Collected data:

╔══

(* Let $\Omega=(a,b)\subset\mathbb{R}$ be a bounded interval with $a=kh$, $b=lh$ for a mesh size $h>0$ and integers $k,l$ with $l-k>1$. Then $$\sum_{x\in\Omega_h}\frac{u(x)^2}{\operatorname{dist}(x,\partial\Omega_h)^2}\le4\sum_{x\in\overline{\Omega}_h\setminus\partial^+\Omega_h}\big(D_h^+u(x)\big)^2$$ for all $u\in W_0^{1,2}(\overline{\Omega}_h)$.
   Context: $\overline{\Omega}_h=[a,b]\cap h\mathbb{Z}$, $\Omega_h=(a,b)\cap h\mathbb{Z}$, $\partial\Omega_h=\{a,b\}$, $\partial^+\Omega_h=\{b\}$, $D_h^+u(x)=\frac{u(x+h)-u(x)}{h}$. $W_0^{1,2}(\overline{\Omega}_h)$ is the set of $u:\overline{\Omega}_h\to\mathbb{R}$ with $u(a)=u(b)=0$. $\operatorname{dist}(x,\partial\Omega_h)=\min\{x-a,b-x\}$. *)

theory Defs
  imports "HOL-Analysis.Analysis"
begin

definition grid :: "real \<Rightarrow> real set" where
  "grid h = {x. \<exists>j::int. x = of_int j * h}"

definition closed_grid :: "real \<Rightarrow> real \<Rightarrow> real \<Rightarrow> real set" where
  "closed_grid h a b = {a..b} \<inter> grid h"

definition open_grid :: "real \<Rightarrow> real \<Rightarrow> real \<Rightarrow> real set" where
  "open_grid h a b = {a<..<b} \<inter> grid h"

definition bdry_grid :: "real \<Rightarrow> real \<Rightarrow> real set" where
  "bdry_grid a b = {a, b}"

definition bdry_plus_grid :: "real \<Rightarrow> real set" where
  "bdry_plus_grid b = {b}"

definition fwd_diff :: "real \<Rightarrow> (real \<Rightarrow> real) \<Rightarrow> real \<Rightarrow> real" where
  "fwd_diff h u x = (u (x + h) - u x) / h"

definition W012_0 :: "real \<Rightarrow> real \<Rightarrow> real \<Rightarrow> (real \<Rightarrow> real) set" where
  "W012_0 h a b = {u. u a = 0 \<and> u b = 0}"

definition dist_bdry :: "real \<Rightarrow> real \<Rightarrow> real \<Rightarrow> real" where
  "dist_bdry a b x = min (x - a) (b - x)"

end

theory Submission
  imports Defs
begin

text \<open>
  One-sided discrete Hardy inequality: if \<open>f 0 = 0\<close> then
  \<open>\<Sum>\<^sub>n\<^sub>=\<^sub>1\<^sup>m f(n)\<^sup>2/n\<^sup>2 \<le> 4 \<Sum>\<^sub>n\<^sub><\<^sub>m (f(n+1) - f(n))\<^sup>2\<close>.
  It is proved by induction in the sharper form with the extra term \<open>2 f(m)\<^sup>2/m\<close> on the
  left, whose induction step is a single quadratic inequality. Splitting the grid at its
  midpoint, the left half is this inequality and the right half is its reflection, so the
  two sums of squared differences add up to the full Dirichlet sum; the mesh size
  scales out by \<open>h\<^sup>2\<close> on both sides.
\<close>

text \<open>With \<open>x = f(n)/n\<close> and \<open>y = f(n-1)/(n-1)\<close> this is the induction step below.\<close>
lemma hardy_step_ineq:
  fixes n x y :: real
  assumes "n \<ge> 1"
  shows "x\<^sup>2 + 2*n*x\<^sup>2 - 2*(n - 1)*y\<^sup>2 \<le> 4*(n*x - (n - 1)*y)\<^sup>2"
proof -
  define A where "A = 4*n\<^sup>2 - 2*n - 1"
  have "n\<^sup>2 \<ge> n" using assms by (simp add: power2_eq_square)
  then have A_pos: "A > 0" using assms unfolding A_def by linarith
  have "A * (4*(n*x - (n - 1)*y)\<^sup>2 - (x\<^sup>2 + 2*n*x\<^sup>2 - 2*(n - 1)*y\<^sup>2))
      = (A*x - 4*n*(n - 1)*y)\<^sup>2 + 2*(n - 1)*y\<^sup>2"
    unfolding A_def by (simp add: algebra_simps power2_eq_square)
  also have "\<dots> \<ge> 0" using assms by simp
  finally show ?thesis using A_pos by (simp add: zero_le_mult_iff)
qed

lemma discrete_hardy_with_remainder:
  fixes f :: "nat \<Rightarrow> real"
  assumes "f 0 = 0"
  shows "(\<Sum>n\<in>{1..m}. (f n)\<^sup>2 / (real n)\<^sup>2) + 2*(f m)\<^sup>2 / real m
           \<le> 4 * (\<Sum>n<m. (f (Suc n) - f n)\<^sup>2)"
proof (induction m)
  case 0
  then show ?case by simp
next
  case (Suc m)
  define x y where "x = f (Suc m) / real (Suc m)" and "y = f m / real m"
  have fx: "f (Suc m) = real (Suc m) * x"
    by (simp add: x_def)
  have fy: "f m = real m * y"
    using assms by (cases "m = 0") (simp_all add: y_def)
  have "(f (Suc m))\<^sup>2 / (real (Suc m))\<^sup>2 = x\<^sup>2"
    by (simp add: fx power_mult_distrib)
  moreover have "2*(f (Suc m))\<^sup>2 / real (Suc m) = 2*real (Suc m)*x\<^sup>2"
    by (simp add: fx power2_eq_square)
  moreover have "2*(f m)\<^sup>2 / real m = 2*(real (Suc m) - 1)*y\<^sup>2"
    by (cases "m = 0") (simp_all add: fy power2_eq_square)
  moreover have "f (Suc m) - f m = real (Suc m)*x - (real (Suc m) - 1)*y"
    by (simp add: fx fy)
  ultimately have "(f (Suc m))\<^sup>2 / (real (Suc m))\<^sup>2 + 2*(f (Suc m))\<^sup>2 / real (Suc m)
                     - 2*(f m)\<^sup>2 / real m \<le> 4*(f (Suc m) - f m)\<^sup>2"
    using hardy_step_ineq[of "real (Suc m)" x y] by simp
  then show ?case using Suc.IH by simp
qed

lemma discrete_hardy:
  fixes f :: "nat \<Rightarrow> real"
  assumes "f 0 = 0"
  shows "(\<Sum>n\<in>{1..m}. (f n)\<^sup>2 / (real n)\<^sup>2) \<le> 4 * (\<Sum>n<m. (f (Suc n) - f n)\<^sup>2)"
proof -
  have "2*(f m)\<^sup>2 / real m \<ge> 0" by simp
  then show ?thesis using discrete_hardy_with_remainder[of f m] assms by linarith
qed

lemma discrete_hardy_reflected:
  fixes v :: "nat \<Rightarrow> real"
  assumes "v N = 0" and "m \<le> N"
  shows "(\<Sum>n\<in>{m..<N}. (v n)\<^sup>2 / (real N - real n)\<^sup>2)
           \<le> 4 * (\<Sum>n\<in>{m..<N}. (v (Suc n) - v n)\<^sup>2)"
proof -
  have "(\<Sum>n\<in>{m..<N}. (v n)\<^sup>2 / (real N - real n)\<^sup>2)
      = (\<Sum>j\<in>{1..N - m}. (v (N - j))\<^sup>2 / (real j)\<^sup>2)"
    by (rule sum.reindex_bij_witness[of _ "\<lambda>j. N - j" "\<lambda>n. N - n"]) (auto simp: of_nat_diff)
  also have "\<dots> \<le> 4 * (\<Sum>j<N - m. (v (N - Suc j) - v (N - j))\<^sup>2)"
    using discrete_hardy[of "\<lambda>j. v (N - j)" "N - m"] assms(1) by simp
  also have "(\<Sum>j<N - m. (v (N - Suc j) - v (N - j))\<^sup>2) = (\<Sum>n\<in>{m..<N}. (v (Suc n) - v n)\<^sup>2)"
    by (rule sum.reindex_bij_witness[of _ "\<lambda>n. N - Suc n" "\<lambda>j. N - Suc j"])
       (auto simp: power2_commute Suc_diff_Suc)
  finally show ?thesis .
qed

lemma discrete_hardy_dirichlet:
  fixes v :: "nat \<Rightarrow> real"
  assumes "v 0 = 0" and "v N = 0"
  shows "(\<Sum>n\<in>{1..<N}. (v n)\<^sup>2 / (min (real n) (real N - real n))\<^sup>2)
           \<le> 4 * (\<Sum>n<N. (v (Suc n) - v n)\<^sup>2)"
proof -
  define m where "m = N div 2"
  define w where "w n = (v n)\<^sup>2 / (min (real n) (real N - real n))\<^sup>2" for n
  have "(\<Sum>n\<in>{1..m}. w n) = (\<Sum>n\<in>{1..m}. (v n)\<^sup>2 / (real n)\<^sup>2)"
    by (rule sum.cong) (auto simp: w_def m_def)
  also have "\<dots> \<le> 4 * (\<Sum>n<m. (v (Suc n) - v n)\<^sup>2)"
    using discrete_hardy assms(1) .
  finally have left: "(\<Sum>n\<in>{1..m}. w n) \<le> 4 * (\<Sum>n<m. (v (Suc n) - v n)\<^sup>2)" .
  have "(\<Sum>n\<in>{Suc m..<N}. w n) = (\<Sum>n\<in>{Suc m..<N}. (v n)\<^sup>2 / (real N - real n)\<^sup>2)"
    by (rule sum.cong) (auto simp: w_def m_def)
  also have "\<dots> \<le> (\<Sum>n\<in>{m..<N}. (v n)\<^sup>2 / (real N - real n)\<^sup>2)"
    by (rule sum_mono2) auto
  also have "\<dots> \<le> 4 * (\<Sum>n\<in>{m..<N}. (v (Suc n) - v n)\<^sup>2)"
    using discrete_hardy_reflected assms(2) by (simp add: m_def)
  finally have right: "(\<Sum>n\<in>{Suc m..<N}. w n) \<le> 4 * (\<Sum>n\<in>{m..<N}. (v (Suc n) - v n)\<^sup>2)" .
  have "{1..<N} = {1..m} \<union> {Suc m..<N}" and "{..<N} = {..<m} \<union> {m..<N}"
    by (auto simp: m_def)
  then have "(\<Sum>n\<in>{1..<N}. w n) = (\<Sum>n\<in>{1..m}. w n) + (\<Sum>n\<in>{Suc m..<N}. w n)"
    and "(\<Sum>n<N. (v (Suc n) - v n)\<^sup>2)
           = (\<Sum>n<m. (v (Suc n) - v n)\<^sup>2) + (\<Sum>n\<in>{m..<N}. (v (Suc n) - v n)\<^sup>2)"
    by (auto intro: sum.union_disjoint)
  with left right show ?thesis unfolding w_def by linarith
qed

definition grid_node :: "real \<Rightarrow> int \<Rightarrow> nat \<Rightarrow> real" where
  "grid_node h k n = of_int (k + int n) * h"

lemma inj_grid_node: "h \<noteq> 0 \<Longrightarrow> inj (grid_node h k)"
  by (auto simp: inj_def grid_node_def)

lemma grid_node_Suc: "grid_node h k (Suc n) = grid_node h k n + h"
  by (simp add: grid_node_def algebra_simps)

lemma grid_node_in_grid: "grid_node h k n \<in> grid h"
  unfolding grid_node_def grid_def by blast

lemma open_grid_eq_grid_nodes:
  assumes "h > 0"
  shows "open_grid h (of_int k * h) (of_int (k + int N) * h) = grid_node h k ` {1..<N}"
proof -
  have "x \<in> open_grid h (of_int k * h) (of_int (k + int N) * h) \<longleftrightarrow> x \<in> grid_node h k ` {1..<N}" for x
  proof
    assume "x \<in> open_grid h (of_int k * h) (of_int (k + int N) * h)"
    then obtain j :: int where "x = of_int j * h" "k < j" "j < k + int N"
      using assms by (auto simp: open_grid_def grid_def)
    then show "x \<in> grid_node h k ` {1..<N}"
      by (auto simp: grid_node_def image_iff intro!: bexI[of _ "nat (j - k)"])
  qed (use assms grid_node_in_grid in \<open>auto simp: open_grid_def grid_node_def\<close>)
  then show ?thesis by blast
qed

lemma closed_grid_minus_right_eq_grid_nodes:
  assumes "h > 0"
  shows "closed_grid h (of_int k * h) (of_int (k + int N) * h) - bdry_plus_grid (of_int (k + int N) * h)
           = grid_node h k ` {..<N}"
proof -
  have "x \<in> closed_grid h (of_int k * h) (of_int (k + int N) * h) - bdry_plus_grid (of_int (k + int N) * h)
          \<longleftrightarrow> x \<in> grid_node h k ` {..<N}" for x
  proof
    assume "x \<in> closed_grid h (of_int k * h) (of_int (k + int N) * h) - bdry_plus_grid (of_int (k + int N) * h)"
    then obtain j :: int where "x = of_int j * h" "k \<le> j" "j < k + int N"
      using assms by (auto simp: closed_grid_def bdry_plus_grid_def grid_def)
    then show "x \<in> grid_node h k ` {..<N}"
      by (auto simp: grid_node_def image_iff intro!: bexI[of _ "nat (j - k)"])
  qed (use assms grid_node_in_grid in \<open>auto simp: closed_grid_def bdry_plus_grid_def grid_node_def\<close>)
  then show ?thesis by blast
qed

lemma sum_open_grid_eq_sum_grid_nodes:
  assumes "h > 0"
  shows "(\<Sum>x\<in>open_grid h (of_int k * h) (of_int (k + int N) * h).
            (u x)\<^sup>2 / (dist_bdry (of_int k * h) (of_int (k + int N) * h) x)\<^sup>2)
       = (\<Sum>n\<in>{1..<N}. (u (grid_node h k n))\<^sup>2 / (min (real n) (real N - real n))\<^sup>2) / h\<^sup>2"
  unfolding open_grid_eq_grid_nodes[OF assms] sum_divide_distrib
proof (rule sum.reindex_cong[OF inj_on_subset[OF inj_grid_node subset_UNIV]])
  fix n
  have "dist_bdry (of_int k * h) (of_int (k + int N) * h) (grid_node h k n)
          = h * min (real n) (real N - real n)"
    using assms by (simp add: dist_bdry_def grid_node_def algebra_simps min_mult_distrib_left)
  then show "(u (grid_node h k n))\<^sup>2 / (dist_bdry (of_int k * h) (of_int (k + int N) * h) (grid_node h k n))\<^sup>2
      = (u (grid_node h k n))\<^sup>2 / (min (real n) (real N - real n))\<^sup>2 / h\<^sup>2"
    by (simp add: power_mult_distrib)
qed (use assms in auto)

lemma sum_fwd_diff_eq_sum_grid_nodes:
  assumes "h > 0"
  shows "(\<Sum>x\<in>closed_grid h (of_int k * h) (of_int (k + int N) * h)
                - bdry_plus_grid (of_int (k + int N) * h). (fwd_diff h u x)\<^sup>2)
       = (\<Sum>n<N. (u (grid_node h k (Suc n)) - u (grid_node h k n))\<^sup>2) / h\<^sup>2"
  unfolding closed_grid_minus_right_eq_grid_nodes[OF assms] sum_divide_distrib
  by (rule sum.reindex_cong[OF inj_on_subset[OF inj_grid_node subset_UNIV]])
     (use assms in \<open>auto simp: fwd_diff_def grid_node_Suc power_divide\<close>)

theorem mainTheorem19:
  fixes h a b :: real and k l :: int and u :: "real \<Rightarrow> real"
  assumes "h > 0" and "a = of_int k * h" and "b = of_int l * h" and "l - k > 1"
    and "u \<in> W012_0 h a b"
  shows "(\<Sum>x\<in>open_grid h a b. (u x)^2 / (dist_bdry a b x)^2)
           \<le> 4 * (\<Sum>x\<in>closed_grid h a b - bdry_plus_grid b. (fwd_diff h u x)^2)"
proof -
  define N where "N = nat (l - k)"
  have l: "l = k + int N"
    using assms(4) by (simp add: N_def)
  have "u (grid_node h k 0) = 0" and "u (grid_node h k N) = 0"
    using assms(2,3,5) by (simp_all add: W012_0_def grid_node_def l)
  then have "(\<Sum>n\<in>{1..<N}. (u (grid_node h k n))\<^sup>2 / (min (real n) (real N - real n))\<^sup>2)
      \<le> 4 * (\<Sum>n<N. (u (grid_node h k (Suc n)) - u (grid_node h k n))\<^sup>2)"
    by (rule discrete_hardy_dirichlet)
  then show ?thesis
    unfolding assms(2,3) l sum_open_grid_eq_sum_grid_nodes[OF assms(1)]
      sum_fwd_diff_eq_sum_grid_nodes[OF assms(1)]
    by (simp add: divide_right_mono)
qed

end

╚══

**Task statement**
Show all lines above holding the word "imports".

**Solved exercise**
  imports "HOL-Analysis.Analysis"
  imports Defs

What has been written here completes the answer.